■ Task prompt ■
With no addition or omission, return the entries below.

[Items listed in a dataset]
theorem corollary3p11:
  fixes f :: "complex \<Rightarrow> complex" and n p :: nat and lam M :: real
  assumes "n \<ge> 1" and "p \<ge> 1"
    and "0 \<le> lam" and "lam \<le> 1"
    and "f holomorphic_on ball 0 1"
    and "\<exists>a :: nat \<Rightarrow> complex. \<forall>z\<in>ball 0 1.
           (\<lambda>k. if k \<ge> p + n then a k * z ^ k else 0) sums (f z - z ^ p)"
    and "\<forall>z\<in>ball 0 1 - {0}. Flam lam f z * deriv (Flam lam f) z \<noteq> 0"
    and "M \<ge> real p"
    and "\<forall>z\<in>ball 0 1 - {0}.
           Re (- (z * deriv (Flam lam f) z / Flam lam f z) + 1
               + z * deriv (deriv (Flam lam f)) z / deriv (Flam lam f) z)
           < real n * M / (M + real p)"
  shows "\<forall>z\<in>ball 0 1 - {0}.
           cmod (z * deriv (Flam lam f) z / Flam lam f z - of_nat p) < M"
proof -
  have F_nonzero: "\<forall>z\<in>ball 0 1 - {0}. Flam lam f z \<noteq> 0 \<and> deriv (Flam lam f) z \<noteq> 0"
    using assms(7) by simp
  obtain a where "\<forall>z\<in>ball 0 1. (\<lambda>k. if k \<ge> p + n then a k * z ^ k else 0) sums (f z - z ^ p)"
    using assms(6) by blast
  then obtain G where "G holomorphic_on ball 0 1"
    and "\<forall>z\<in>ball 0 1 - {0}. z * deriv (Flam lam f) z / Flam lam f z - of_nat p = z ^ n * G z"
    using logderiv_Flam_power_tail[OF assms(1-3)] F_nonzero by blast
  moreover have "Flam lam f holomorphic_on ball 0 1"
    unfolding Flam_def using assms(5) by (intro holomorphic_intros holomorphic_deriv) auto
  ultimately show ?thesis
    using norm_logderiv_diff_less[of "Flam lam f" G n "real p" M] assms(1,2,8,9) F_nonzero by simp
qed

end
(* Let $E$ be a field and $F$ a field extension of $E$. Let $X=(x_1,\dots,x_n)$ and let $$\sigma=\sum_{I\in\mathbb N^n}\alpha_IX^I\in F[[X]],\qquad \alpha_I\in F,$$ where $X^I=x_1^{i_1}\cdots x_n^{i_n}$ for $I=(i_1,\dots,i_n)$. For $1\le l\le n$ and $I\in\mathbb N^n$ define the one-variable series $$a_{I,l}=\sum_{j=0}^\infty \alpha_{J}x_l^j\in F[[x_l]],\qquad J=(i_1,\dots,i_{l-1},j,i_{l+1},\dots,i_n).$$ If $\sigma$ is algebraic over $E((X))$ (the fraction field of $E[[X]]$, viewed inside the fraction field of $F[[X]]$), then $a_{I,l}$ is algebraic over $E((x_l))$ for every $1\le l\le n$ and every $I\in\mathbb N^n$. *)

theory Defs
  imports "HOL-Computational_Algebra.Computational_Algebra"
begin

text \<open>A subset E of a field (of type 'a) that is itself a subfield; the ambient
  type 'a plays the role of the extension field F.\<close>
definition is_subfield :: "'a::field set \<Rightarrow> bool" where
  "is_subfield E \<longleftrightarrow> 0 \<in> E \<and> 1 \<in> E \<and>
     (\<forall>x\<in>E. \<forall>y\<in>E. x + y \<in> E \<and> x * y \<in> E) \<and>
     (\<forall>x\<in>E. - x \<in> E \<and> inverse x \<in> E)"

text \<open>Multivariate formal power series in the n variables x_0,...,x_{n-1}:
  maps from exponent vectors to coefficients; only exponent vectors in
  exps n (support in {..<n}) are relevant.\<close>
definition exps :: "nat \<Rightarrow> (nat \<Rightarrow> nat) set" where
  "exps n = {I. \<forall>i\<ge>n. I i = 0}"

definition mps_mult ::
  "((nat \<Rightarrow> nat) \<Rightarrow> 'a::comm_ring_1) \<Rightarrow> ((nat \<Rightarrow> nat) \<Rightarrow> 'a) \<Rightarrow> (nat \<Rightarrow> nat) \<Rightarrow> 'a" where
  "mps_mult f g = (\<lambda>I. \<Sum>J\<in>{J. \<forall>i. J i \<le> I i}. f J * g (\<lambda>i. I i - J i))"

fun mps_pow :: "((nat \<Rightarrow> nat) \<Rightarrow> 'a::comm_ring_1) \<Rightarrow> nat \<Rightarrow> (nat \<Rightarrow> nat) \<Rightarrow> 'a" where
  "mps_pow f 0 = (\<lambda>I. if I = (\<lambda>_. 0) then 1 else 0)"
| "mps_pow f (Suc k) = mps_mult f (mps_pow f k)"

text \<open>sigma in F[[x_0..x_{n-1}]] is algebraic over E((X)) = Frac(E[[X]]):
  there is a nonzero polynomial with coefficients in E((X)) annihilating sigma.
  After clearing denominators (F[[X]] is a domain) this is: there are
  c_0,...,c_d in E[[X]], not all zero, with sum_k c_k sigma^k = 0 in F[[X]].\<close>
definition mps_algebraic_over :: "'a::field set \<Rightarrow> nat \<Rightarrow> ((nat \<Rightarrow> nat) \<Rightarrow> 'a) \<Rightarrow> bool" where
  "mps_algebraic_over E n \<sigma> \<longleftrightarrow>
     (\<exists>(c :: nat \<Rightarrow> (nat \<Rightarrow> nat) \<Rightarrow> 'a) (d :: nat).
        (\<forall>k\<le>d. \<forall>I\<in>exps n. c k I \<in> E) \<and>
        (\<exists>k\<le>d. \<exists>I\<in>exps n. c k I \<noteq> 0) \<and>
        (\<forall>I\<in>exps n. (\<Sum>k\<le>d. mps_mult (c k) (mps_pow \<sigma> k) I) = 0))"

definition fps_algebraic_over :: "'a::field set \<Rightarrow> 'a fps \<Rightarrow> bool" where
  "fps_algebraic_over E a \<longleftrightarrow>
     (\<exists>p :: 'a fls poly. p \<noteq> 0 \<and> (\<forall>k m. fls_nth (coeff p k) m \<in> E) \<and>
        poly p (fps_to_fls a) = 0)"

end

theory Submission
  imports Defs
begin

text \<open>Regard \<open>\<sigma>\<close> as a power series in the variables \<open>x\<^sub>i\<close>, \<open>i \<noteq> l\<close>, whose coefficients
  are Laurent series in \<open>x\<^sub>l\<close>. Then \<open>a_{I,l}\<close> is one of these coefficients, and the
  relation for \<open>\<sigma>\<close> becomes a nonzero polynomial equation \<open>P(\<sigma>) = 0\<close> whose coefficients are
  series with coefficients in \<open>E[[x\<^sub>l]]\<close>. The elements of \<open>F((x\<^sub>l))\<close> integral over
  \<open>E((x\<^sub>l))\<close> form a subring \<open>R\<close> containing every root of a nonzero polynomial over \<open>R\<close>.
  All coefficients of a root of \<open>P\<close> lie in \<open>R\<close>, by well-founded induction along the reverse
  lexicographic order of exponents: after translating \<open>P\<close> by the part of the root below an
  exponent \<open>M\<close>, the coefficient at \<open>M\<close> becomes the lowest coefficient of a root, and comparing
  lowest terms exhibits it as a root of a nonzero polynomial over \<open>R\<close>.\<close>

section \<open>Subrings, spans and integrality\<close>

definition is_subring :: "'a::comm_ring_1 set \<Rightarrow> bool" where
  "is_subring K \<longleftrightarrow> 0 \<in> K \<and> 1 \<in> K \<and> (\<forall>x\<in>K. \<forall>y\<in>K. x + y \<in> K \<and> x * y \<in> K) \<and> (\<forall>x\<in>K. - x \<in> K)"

■ Answer to this task ■
theorem corollary3p11:
  fixes f :: "complex \<Rightarrow> complex" and n p :: nat and lam M :: real
  assumes "n \<ge> 1" and "p \<ge> 1"
    and "0 \<le> lam" and "lam \<le> 1"
    and "f holomorphic_on ball 0 1"
    and "\<exists>a :: nat \<Rightarrow> complex. \<forall>z\<in>ball 0 1.
           (\<lambda>k. if k \<ge> p + n then a k * z ^ k else 0) sums (f z - z ^ p)"
    and "\<forall>z\<in>ball 0 1 - {0}. Flam lam f z * deriv (Flam lam f) z \<noteq> 0"
    and "M \<ge> real p"
    and "\<forall>z\<in>ball 0 1 - {0}.
           Re (- (z * deriv (Flam lam f) z / Flam lam f z) + 1
               + z * deriv (deriv (Flam lam f)) z / deriv (Flam lam f) z)
           < real n * M / (M + real p)"
  shows "\<forall>z\<in>ball 0 1 - {0}.
           cmod (z * deriv (Flam lam f) z / Flam lam f z - of_nat p) < M"
proof -
  have F_nonzero: "\<forall>z\<in>ball 0 1 - {0}. Flam lam f z \<noteq> 0 \<and> deriv (Flam lam f) z \<noteq> 0"
    using assms(7) by simp
  obtain a where "\<forall>z\<in>ball 0 1. (\<lambda>k. if k \<ge> p + n then a k * z ^ k else 0) sums (f z - z ^ p)"
    using assms(6) by blast
  then obtain G where "G holomorphic_on ball 0 1"
    and "\<forall>z\<in>ball 0 1 - {0}. z * deriv (Flam lam f) z / Flam lam f z - of_nat p = z ^ n * G z"
    using logderiv_Flam_power_tail[OF assms(1-3)] F_nonzero by blast
  moreover have "Flam lam f holomorphic_on ball 0 1"
    unfolding Flam_def using assms(5) by (intro holomorphic_intros holomorphic_deriv) auto
  ultimately show ?thesis
    using norm_logderiv_diff_less[of "Flam lam f" G n "real p" M] assms(1,2,8,9) F_nonzero by simp
qed

end
(* Let $E$ be a field and $F$ a field extension of $E$. Let $X=(x_1,\dots,x_n)$ and let $$\sigma=\sum_{I\in\mathbb N^n}\alpha_IX^I\in F[[X]],\qquad \alpha_I\in F,$$ where $X^I=x_1^{i_1}\cdots x_n^{i_n}$ for $I=(i_1,\dots,i_n)$. For $1\le l\le n$ and $I\in\mathbb N^n$ define the one-variable series $$a_{I,l}=\sum_{j=0}^\infty \alpha_{J}x_l^j\in F[[x_l]],\qquad J=(i_1,\dots,i_{l-1},j,i_{l+1},\dots,i_n).$$ If $\sigma$ is algebraic over $E((X))$ (the fraction field of $E[[X]]$, viewed inside the fraction field of $F[[X]]$), then $a_{I,l}$ is algebraic over $E((x_l))$ for every $1\le l\le n$ and every $I\in\mathbb N^n$. *)

theory Defs
  imports "HOL-Computational_Algebra.Computational_Algebra"
begin

text \<open>A subset E of a field (of type 'a) that is itself a subfield; the ambient
  type 'a plays the role of the extension field F.\<close>
definition is_subfield :: "'a::field set \<Rightarrow> bool" where
  "is_subfield E \<longleftrightarrow> 0 \<in> E \<and> 1 \<in> E \<and>
     (\<forall>x\<in>E. \<forall>y\<in>E. x + y \<in> E \<and> x * y \<in> E) \<and>
     (\<forall>x\<in>E. - x \<in> E \<and> inverse x \<in> E)"

text \<open>Multivariate formal power series in the n variables x_0,...,x_{n-1}:
  maps from exponent vectors to coefficients; only exponent vectors in
  exps n (support in {..<n}) are relevant.\<close>
definition exps :: "nat \<Rightarrow> (nat \<Rightarrow> nat) set" where
  "exps n = {I. \<forall>i\<ge>n. I i = 0}"

definition mps_mult ::
  "((nat \<Rightarrow> nat) \<Rightarrow> 'a::comm_ring_1) \<Rightarrow> ((nat \<Rightarrow> nat) \<Rightarrow> 'a) \<Rightarrow> (nat \<Rightarrow> nat) \<Rightarrow> 'a" where
  "mps_mult f g = (\<lambda>I. \<Sum>J\<in>{J. \<forall>i. J i \<le> I i}. f J * g (\<lambda>i. I i - J i))"

fun mps_pow :: "((nat \<Rightarrow> nat) \<Rightarrow> 'a::comm_ring_1) \<Rightarrow> nat \<Rightarrow> (nat \<Rightarrow> nat) \<Rightarrow> 'a" where
  "mps_pow f 0 = (\<lambda>I. if I = (\<lambda>_. 0) then 1 else 0)"
| "mps_pow f (Suc k) = mps_mult f (mps_pow f k)"

text \<open>sigma in F[[x_0..x_{n-1}]] is algebraic over E((X)) = Frac(E[[X]]):
  there is a nonzero polynomial with coefficients in E((X)) annihilating sigma.
  After clearing denominators (F[[X]] is a domain) this is: there are
  c_0,...,c_d in E[[X]], not all zero, with sum_k c_k sigma^k = 0 in F[[X]].\<close>
definition mps_algebraic_over :: "'a::field set \<Rightarrow> nat \<Rightarrow> ((nat \<Rightarrow> nat) \<Rightarrow> 'a) \<Rightarrow> bool" where
  "mps_algebraic_over E n \<sigma> \<longleftrightarrow>
     (\<exists>(c :: nat \<Rightarrow> (nat \<Rightarrow> nat) \<Rightarrow> 'a) (d :: nat).
        (\<forall>k\<le>d. \<forall>I\<in>exps n. c k I \<in> E) \<and>
        (\<exists>k\<le>d. \<exists>I\<in>exps n. c k I \<noteq> 0) \<and>
        (\<forall>I\<in>exps n. (\<Sum>k\<le>d. mps_mult (c k) (mps_pow \<sigma> k) I) = 0))"

definition fps_algebraic_over :: "'a::field set \<Rightarrow> 'a fps \<Rightarrow> bool" where
  "fps_algebraic_over E a \<longleftrightarrow>
     (\<exists>p :: 'a fls poly. p \<noteq> 0 \<and> (\<forall>k m. fls_nth (coeff p k) m \<in> E) \<and>
        poly p (fps_to_fls a) = 0)"

end

theory Submission
  imports Defs
begin

text \<open>Regard \<open>\<sigma>\<close> as a power series in the variables \<open>x\<^sub>i\<close>, \<open>i \<noteq> l\<close>, whose coefficients
  are Laurent series in \<open>x\<^sub>l\<close>. Then \<open>a_{I,l}\<close> is one of these coefficients, and the
  relation for \<open>\<sigma>\<close> becomes a nonzero polynomial equation \<open>P(\<sigma>) = 0\<close> whose coefficients are
  series with coefficients in \<open>E[[x\<^sub>l]]\<close>. The elements of \<open>F((x\<^sub>l))\<close> integral over
  \<open>E((x\<^sub>l))\<close> form a subring \<open>R\<close> containing every root of a nonzero polynomial over \<open>R\<close>.
  All coefficients of a root of \<open>P\<close> lie in \<open>R\<close>, by well-founded induction along the reverse
  lexicographic order of exponents: after translating \<open>P\<close> by the part of the root below an
  exponent \<open>M\<close>, the coefficient at \<open>M\<close> becomes the lowest coefficient of a root, and comparing
  lowest terms exhibits it as a root of a nonzero polynomial over \<open>R\<close>.\<close>

section \<open>Subrings, spans and integrality\<close>

definition is_subring :: "'a::comm_ring_1 set \<Rightarrow> bool" where
  "is_subring K \<longleftrightarrow> 0 \<in> K \<and> 1 \<in> K \<and> (\<forall>x\<in>K. \<forall>y\<in>K. x + y \<in> K \<and> x * y \<in> K) \<and> (\<forall>x\<in>K. - x \<in> K)"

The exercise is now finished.